*** Provided data

lemma picard_step_contraction:
  fixes g1 g2 :: "real \<Rightarrow>\<^sub>C real"
  assumes "a \<le> b" and cont: "continuous_on ({a..b} \<times> UNIV) (\<lambda>(s, y). F s y)"
    and lipschitz: "\<And>s y z. s \<in> {a..b} \<Longrightarrow> \<bar>F s y - F s z\<bar> \<le> L * \<bar>y - z\<bar>" and "0 \<le> L"
  shows "dist (picard_step a b y0 F g1 s) (picard_step a b y0 F g2 s) \<le> (b - a) * L * dist g1 g2"
proof -
  let ?u = "max a (min b s)"
  have h: "continuous_on {a..b} (\<lambda>\<tau>. F \<tau> (g \<tau>))" for g :: "real \<Rightarrow>\<^sub>C real"
    by (rule continuous_on_compose_graph[OF cont]) simp
  have "\<bar>F \<tau> (g2 \<tau>) - F \<tau> (g1 \<tau>)\<bar> \<le> L * dist g1 g2" if "\<tau> \<in> {a..b}" for \<tau>
  proof -
    have "\<bar>g2 \<tau> - g1 \<tau>\<bar> \<le> dist g1 g2"
      using dist_bounded[of g2 \<tau> g1] by (simp add: dist_real_def dist_commute)
    then show ?thesis
      using lipschitz[OF that, of "g2 \<tau>" "g1 \<tau>"] \<open>0 \<le> L\<close> by (meson mult_left_mono order_trans)
  qed
  then have "\<bar>integral {?u..b} (\<lambda>\<tau>. F \<tau> (g2 \<tau>) - F \<tau> (g1 \<tau>))\<bar> \<le> L * dist g1 g2 * (b - a)"
    using \<open>a \<le> b\<close> by (intro integral_Icc_abs_le continuous_on_diff h) auto
  moreover have "(\<lambda>\<tau>. F \<tau> (g \<tau>)) integrable_on {?u..b}" for g :: "real \<Rightarrow>\<^sub>C real"
    using \<open>a \<le> b\<close> by (intro integrable_continuous_interval continuous_on_subset[OF h]) auto
  ultimately show ?thesis
    unfolding picard_step_def dist_real_def by (simp add: integral_diff algebra_simps)
qed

******

# Work order
All of the data above is to be given again, word for word.

# Solution to the problem
lemma picard_step_contraction:
  fixes g1 g2 :: "real \<Rightarrow>\<^sub>C real"
  assumes "a \<le> b" and cont: "continuous_on ({a..b} \<times> UNIV) (\<lambda>(s, y). F s y)"
    and lipschitz: "\<And>s y z. s \<in> {a..b} \<Longrightarrow> \<bar>F s y - F s z\<bar> \<le> L * \<bar>y - z\<bar>" and "0 \<le> L"
  shows "dist (picard_step a b y0 F g1 s) (picard_step a b y0 F g2 s) \<le> (b - a) * L * dist g1 g2"
proof -
  let ?u = "max a (min b s)"
  have h: "continuous_on {a..b} (\<lambda>\<tau>. F \<tau> (g \<tau>))" for g :: "real \<Rightarrow>\<^sub>C real"
    by (rule continuous_on_compose_graph[OF cont]) simp
  have "\<bar>F \<tau> (g2 \<tau>) - F \<tau> (g1 \<tau>)\<bar> \<le> L * dist g1 g2" if "\<tau> \<in> {a..b}" for \<tau>
  proof -
    have "\<bar>g2 \<tau> - g1 \<tau>\<bar> \<le> dist g1 g2"
      using dist_bounded[of g2 \<tau> g1] by (simp add: dist_real_def dist_commute)
    then show ?thesis
      using lipschitz[OF that, of "g2 \<tau>" "g1 \<tau>"] \<open>0 \<le> L\<close> by (meson mult_left_mono order_trans)
  qed
  then have "\<bar>integral {?u..b} (\<lambda>\<tau>. F \<tau> (g2 \<tau>) - F \<tau> (g1 \<tau>))\<bar> \<le> L * dist g1 g2 * (b - a)"
    using \<open>a \<le> b\<close> by (intro integral_Icc_abs_le continuous_on_diff h) auto
  moreover have "(\<lambda>\<tau>. F \<tau> (g \<tau>)) integrable_on {?u..b}" for g :: "real \<Rightarrow>\<^sub>C real"
    using \<open>a \<le> b\<close> by (intro integrable_continuous_interval continuous_on_subset[OF h]) auto
  ultimately show ?thesis
    unfolding picard_step_def dist_real_def by (simp add: integral_diff algebra_simps)
qed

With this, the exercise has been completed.